«Мне важно участвовать в чем-то нужном людям»
Марка Эйдельштейна называют российским Тимоти Шаламе. По просьбе «Правил жизни» Егор Москвитин расспросил его о том, как он попал в фильм «Анора», получивший «Золотую пальмовую ветвь» в Каннах, и зачем его герои платят стриптизершам.
Егор Москвитин: Привет, занятой международный актер! У тебя в телефоне отражается, сколько ты теперь в среднем спишь?
Марк Эйдельштейн: Крутое начало! В телефоне не проверяю, но я могу по синякам под глазами измерять, сколько сплю. Точнее, по художникам по гриму, потому что иногда из самолетов я сразу еду на площадки. И каждый раз художницы по гриму: «Марк, остановись, поспи! У нас не хватит на тебя тонального крема».

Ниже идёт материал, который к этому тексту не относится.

(* Suppose that there exist solutions $\hat f$, $\hat{\hat f}$, $\hat\Upsilon$ to Poisson's equation (with forcing functions $f$, $\hat f$ and $\Upsilon$ respectively, as defined in the context) that are continuously differentiable on $\Pi=\mathbb{R}^d\times\Omega$. Let $\{\Theta_t\}$ be any solution of the fixed-gain QSA ODE $\frac{d}{dt}\Theta_t=\alpha f(\Theta_t,\xi_t)$ and write $\hat f_t=\hat f(\Theta_t,\Phi_t)$, $\Upsilon_t=\Upsilon(\Theta_t,\Phi_t)$. Then: (i) The process $Y_t=\Theta_t+\alpha\hat f_t$ (so $\Theta_t=Y_t-\alpha\hat f_t$) satisfies $$\frac{d}{dt}Y_t=\alpha\Big[\bar f(Y_t)-\alpha\big(B_t\hat f_t+\Upsilon_t\big)\Big],\qquad B_t=\int_0^1\bar A(Y_t-r\alpha\hat f_t)\,dr .$$ (ii) Define $\mathcal W^0_t=-[D^f\hat\Upsilon](\Theta_t,\Phi_t)$, $\mathcal W^1_t=-[D^f\hat{\hat f}](\Theta_t,\Phi_t)+\hat\Upsilon(\Theta_t,\Phi_t)$, $\mathcal W^2_t=\hat{\hat f}(\Theta_t,\Phi_t)$, and suppose $t\mapsto\mathcal W^1_t$ is differentiable and $t\mapsto\mathcal W^2_t$ is twice differentiable. Then $$\frac{d}{dt}\Theta_t=\alpha\big[\bar f(\Theta_t)-\alpha\bar\Upsilon(\Theta_t)+\mathcal W_t\big],\qquad \mathcal W_t=\alpha^2\mathcal W^0_t+\alpha\frac{d}{dt}\mathcal W^1_t+\frac{d^2}{dt^2}\mathcal W^2_t .$$
   Context: Setting. Fix $d,m,K\ge1$, frequencies $\omega_i>0$, phases $\phi_i$. Clock process: $\frac{d}{dt}\Phi_t=W\Phi_t$, $W=2\pi j\,\mathrm{diag}(\omega_i)$, $\Phi^i_t=\exp(2\pi j[\omega_it+\phi_i])$; $\Omega\subset\mathbb{C}^K$ is the closure of its orbit (compact, flow invariant; any point may be used as $\Phi_0$), and $\pi$ is the uniform (Haar) probability measure on $\Omega$. Probing signal $\xi_t=G(\Phi_t)$ with $G(z)=G_0((z+1/z)/2)$, $G_0\colon\mathbb{R}^K\to\mathbb{R}^m$ analytic with absolutely summable Taylor coefficients. $f\colon\mathbb{R}^d\times\mathbb{R}^m\to\mathbb{R}^d$ and $\bar f(\theta)=\int_\Omega f(\theta,G(z))\pi(dz)$ are continuously differentiable, $\bar A(\theta)=\partial_\theta\bar f(\theta)$, and $\alpha>0$. Poisson's equation: for $g\colon\mathbb{R}^d\times\Omega\to\mathbb{R}^d$ with $\bar g(\theta)=\int g(\theta,z)\pi(dz)$, a solution is $\hat g\colon\mathbb{R}^d\times\Omega\to\mathbb{R}^d$ such that for every $\theta$, every initial $\Phi_0\in\Omega$ and all $0\le t_0\le t_1$: $\hat g(\theta,\Phi_{t_0})=\int_{t_0}^{t_1}[g(\theta,\Phi_t)-\bar g(\theta)]dt+\hat g(\theta,\Phi_{t_1})$, normalized so $\int\hat g(\theta,z)\pi(dz)=0$. Here $\hat f$ solves it with forcing $(\theta,z)\mapsto f(\theta,G(z))$; $\hat A(\theta,z)=\partial_\theta\hat f(\theta,z)$; $\Upsilon(\theta,z)=-\hat A(\theta,z)f(\theta,G(z))$ and $\bar\Upsilon(\theta)=\int_\Omega\Upsilon(\theta,z)\pi(dz)$; $\hat{\hat f}$ solves Poisson's equation with forcing $\hat f$; $\hat\Upsilon$ solves it with forcing $\Upsilon$. For $h\colon\mathbb{R}^d\times\Omega\to\mathbb{R}^d$ differentiable in $\theta$, $[D^fh](\theta,z)=\partial_\theta h(\theta,z)\,f(\theta,G(z))$. *)

theory Defs
  imports "HOL-Probability.Probability"
begin
(* Let $f:(\mathbb C^n,S)\to(\mathbb C^p,0)$ admit a one-parameter stable unfolding $F(x,\lambda)=(f_\lambda(x),\lambda)$, let $\phi:(\mathbb C,0)\to(\mathbb C,0)$ be a holomorphic germ, and let $Af(x,z)=(f_{\phi(z)}(x),z)$ be the augmentation of $f$ by $F$ and $\phi$. Let $H$ be a defining equation of the discriminant $\Delta(F)\subset(\mathbb C^p\times\mathbb C,0)$ and $h(X,Z)=H(X,\phi(Z))$ the corresponding defining equation of $\Delta(Af)$. For $\eta=\sum_{i=1}^p\eta_i(X,\Lambda)\partial/\partial X_i+\eta_{p+1}(X,\Lambda)\partial/\partial\Lambda\in\theta_{p+1}$ set $$\widetilde\eta(X,Z)=\sum_{i=1}^p\eta_i(X,\phi(Z))\phi'(Z)\frac{\partial}{\partial X_i}+\eta_{p+1}(X,\phi(Z))\frac{\partial}{\partial Z}.$$ If $\eta\in\operatorname{Derlog}(\Delta(F))$, then $\widetilde\eta\in\operatorname{Derlog}(\Delta(Af))$. Furthermore, if in addition $\eta_{p+1}(X,0)=0$, then $\widetilde\eta$ is divisible by $\phi'$ and $\widetilde\eta/\phi'\in\operatorname{Derlog}(\Delta(Af))$.
   Context: All germs are holomorphic. A one-parameter unfolding of $f$ is a germ $F(x,\lambda)=(f_\lambda(x),\lambda)$ with $f_0=f$; it is stable if $\theta(F)=tF(\theta_{n+1})+wF(\theta_{p+1})$. The discriminant $\Delta(g)$ of a map-germ $g$ is the image of its non-submersive points. Here $\Delta(F)$ is assumed to be a hypersurface with defining equation $H$, coordinates on the target of $F$ are $(X,\Lambda)$ and on the target of $Af$ are $(X,Z)$; $\operatorname{Derlog}(\Delta(F))=\{\eta\in\theta_{p+1}:\eta(H)\in H\mathcal O_{p+1}\}$ and $\operatorname{Derlog}(\Delta(Af))=\{\xi\in\theta_{p+1}:\xi(h)\in h\mathcal O_{p+1}\}$ (vector fields tangent to the discriminant). *)

theory Defs
  imports "HOL-Analysis.Analysis"
begin

definition cscale :: "complex \<Rightarrow> ((complex^'m) \<times> complex) \<Rightarrow> ((complex^'m) \<times> complex)" where
  "cscale c v = ((\<chi> i. c * fst v $ i), c * snd v)"

definition cdiff_at :: "((complex^'m) \<times> complex \<Rightarrow> complex) \<Rightarrow> (complex^'m) \<times> complex \<Rightarrow> bool" where
  "cdiff_at g x \<longleftrightarrow> (\<exists>D. (g has_derivative D) (at x) \<and> (\<forall>c v. D (cscale c v) = c * D v))"

definition holo_on :: "((complex^'m) \<times> complex) set \<Rightarrow> ((complex^'m) \<times> complex \<Rightarrow> complex) \<Rightarrow> bool" where
  "holo_on U g \<longleftrightarrow> open U \<and> (\<forall>x\<in>U. cdiff_at g x)"

definition hgerm :: "(complex^'m) \<times> complex \<Rightarrow> ((complex^'m) \<times> complex \<Rightarrow> complex) \<Rightarrow> bool" where
  "hgerm a g \<longleftrightarrow> (\<exists>U. a \<in> U \<and> holo_on U g)"

definition hvgerm :: "(complex^'m) \<times> complex \<Rightarrow> ((complex^'m) \<times> complex \<Rightarrow> (complex^'k) \<times> complex) \<Rightarrow> bool" where
  "hvgerm a G \<longleftrightarrow> (\<forall>i. hgerm a (\<lambda>x. fst (G x) $ i)) \<and> hgerm a (\<lambda>x. snd (G x))"

definition pdX :: "((complex^'p) \<times> complex \<Rightarrow> complex) \<Rightarrow> 'p \<Rightarrow> (complex^'p) \<times> complex \<Rightarrow> complex" where
  "pdX H i x = deriv (\<lambda>t. H ((\<chi> j. if j = i then t else fst x $ j), snd x)) (fst x $ i)"

definition pdL :: "((complex^'p) \<times> complex \<Rightarrow> complex) \<Rightarrow> (complex^'p) \<times> complex \<Rightarrow> complex" where
  "pdL H x = deriv (\<lambda>t. H (fst x, t)) (snd x)"

definition vf_act :: "((complex^'p) \<times> complex \<Rightarrow> (complex^'p) \<times> complex) \<Rightarrow> ((complex^'p) \<times> complex \<Rightarrow> complex)
     \<Rightarrow> (complex^'p) \<times> complex \<Rightarrow> complex" where
  "vf_act eta H x = (\<Sum>i\<in>UNIV. fst (eta x) $ i * pdX H i x) + snd (eta x) * pdL H x"

definition Derlog :: "((complex^'p) \<times> complex \<Rightarrow> complex) \<Rightarrow> ((complex^'p) \<times> complex \<Rightarrow> (complex^'p) \<times> complex) \<Rightarrow> bool" where
  "Derlog H eta \<longleftrightarrow> hvgerm 0 eta \<and>
     (\<exists>a. hgerm 0 a \<and> (\<forall>\<^sub>F x in nhds 0. vf_act eta H x = a x * H x))"
(* Let $\Gamma\in\mathfrak g^*\setminus\{0\}$ with $\mathfrak g=\mathfrak{sl}(2,F)$ and set $r=d(\Gamma)\in\mathbb R\cup\{\infty\}$. Then: (a) every $\mathcal O\in\mathrm{Nil}(\Gamma)$ meets $\Gamma+\mathfrak g^*_{x,r}$ for some $x\in\mathcal B(G)$ with $d_x(\Gamma)<r$; (b) for every $x\in\mathcal B(G)$ with $d_x(\Gamma)<r$, if a nilpotent orbit $\mathcal O$ meets $\Gamma+\mathfrak g^*_{x,r}$ then $\mathcal O\in\mathrm{Nil}(\Gamma)$; (c) for every $x\in\mathcal B(G)$, $\mathrm{Nil}(\Gamma)=\{\mathcal O({}^g\Gamma,x): g\in G,\ d_x({}^g\Gamma)<d(\Gamma)\}=\mathrm{Nil}_x(\Gamma)$.
   Context: Let $F$ be a nonarchimedean local field of residual characteristic $p\geq3$, $G=\mathrm{SL}(2,F)$, $\mathfrak g=\mathfrak{sl}(2,F)$ identified with $\mathfrak g^*$ via the trace form; $\mathcal B(G)$ is the Bruhat–Tits tree, $\mathfrak g^*_{x,r}$ ($r\in\mathbb R$) the Moy–Prasad lattices and $\mathfrak g^*_{x,r+}=\bigcup_{s>r}\mathfrak g^*_{x,s}$. For nonzero $X\in\mathfrak g^*$, $d_x(X)$ is the unique $t$ with $X\in\mathfrak g^*_{x,t}\setminus\mathfrak g^*_{x,t+}$, $d(X)=\max_xd_x(X)$ ($=\infty$ if $X$ nilpotent). The coset $\Gamma+\mathfrak g^*_{x,d_x(\Gamma)+}$ is degenerate if it contains a nilpotent element (equivalently $d_x(\Gamma)<d(\Gamma)$), and then $\mathcal O(\Gamma,x)$ denotes the unique minimal nilpotent $G$-orbit meeting it. Nilpotent support: $\mathrm{Nil}(\Gamma)=\{\mathcal O(\Gamma,x): x\in\mathcal B(G),\ d_x(\Gamma)<d(\Gamma)\}$; local nilpotent support at $x$: $\mathrm{Nil}_x(\Gamma)=\{\mathcal O({}^g\Gamma,x): g\in G,\ d_x({}^g\Gamma)<d(\Gamma)\}$. *)

theory Defs
  imports "HOL-Analysis.Analysis"
begin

Егор: Хочу задать самый животрепещущий вопрос. Как вышло, что и в американской «Аноре», и в российской «Фарме» стриптизершам платят, чтобы они любили твоих героев. Это что-то личное?
Марк: Я не знаю. Я считаю, это ноосфера. У кого это было? У Лема? Идеи живые, и они в воздухе витают, а люди их из пространства берут и материализуют. Поэтому создатели «Фармы» и создатели «Аноры» в одну точку попали. А сам я никогда не платил.
Егор: Молодец. Знаю, что тебя все этим достали, но нам для протокола нужно восстановить историю твоего попадания через рекомендацию Юры Борисова в художественный фильм «Анора».
Марк: Ну, короче. Сидим мы, значит, на «Сто лет тому вперед» на первой смене моей. И в тенте Юра Борисов в образе Глота греется. И он так невозмутимо мне говорит: «Знаешь, кто такой Шон Бейкер? Это очень крутой американский независимый режиссер – может, самый крутой, который вообще есть в Америке. Он ищет пацана из России, который бы сыграл роль».
И тут я представил, что если будут пробы у какого-то зарубежного режиссера, то, может быть, он меня утвердит и, может быть, я смогу сниматься. И мне настолько стало от этого кайфово и страшно одновременно, что я стал отнекиваться. Но Юра – мудрый человек. Он посмотрел на меня и все прочел в моих глазах. И говорит: «Марк, остановись! Я все понял. Я дам им твой контакт, они с тобой свяжутся, и ты запишешь пробы».
И они связались. А потом я записал первую видеовизитку – такое приветствие с английским языком уровня 5 класса школы. Решил: пусть лучше я вообще не потрачу сил, чем вложусь в это. Не так больно будет. И вдруг они мне ответили! И попросили записать сцену. И тут у меня сработала та же логика: «Все равно не получится, поэтому я на это слишком много времени тратить не буду». К тому же я боялся к этому подступиться. Сцена на английском, ее нужно разобрать, понять, что там происходит. А там какие-то незнакомые слова, какой-то сленг. В общем, ад. И я забил и забыл про эти пробы, потому что мы снимали «Сто лет вперед» и жизнь била ключом.
А потом они мне пишут: «Мы ждем твои пробы, у нас заканчивается кастинг, нам нужно или сегодня, или никогда». Они мне это написали в свой день, а у меня-то была ночь. Я засыпаю и думаю: «Надо утром записать». А когда просыпаюсь, понимаю, что у меня всего два часа, я не готов и мне нужна помощь. Пишу друзьям, которые знают язык. Но никто не приезжает и не помогает. Но у меня были соседи – актер Юра Жуков и его девушка Лиза Баль. Я попросил помочь Лизу, она как раз готовила что-то на кухне.
Но проблема в том, что эта сцена – после секса, где я предлагаю героине быть моей девушкой. Персонаж очень богатый, и у него должны быть какие-то дорогие шмотки, которых у меня нет. И тогда меня осенило: «А может, я буду голый?» А Лизин парень за стенкой спит. И она такая: «Может, все же в одежде?» А я такой: «Нет, это не трушно, я буду голый». А она: «Да тебя же сразу запретят в этом Голливуде». А я: «У меня все равно ничего не получится, а так хоть крутая история будет!» И Лиза согласилась, мы снимаем, делаем дубль за дублем, и вдруг заходит Юра, весь такой спросонья. И спрашивает, что за фигня. Я давай объяснять. И все это так смешно, что в итоге мы отправили дубль, в который вошла эта сценка с моим другом. А через неделю мне ответили, что я утвержден.